Problem to work on: Line filter on the word "thesis": copy each matching line from the entries.

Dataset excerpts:
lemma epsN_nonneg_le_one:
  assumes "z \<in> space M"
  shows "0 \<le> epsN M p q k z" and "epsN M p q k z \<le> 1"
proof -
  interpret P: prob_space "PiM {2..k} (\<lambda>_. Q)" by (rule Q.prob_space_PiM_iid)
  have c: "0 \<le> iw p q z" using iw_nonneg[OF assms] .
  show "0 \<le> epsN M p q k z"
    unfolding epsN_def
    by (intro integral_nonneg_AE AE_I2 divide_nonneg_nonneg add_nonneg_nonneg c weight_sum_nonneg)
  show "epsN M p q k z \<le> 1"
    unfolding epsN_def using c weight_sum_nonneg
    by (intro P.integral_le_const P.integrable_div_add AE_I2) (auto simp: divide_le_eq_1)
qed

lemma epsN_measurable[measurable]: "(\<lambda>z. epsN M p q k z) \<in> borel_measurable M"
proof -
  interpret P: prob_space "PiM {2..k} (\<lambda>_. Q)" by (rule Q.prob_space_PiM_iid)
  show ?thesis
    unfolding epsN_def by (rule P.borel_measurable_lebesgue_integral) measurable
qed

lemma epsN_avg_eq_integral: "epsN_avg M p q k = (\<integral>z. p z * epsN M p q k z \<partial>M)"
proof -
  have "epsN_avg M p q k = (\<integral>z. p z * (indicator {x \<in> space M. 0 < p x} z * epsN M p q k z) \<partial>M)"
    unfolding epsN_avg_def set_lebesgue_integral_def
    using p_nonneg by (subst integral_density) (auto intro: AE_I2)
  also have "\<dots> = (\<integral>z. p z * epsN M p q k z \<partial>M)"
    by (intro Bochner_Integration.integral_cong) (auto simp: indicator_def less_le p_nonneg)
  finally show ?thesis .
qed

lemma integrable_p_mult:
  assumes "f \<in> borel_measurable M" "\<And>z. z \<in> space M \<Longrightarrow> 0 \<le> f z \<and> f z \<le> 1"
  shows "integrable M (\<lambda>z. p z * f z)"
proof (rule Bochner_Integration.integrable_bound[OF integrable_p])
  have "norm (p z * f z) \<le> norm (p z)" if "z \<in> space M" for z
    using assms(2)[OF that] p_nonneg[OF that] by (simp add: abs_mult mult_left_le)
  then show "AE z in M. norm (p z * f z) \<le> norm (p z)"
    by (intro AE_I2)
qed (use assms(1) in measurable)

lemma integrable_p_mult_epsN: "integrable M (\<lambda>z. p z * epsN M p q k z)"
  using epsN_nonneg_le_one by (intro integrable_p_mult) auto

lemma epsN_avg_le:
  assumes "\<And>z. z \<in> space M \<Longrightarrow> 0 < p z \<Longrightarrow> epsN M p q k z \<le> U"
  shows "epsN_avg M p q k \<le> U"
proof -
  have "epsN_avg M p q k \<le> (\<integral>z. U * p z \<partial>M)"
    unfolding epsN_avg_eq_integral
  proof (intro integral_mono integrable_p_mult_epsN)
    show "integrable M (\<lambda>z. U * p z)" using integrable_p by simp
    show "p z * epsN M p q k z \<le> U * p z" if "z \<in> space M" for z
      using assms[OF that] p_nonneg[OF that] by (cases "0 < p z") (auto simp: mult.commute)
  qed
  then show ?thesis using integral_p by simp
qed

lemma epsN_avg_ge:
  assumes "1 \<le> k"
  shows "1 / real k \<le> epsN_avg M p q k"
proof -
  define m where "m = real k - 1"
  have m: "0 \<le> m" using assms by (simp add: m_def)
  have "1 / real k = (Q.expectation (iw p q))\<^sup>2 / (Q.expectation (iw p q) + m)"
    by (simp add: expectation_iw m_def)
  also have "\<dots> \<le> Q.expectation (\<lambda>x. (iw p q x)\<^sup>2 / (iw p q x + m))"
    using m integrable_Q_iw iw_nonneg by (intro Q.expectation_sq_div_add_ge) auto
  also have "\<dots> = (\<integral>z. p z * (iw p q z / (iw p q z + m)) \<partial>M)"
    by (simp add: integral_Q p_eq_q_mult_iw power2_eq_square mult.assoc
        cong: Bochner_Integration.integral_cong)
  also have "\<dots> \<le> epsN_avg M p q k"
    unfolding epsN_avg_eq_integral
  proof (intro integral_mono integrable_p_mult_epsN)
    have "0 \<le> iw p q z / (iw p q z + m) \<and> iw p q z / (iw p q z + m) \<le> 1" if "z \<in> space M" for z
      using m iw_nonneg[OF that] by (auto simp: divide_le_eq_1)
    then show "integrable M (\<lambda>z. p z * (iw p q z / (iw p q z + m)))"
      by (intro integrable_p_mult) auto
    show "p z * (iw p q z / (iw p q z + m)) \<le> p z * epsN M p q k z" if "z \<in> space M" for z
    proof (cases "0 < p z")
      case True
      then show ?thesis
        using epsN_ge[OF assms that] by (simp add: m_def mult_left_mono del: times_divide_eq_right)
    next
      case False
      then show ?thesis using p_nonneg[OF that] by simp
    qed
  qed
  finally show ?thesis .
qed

Answer to the problem:
  show ?thesis
  finally show ?thesis .
  then show ?thesis using integral_p by simp
      then show ?thesis
      then show ?thesis using p_nonneg[OF that] by simp
  finally show ?thesis .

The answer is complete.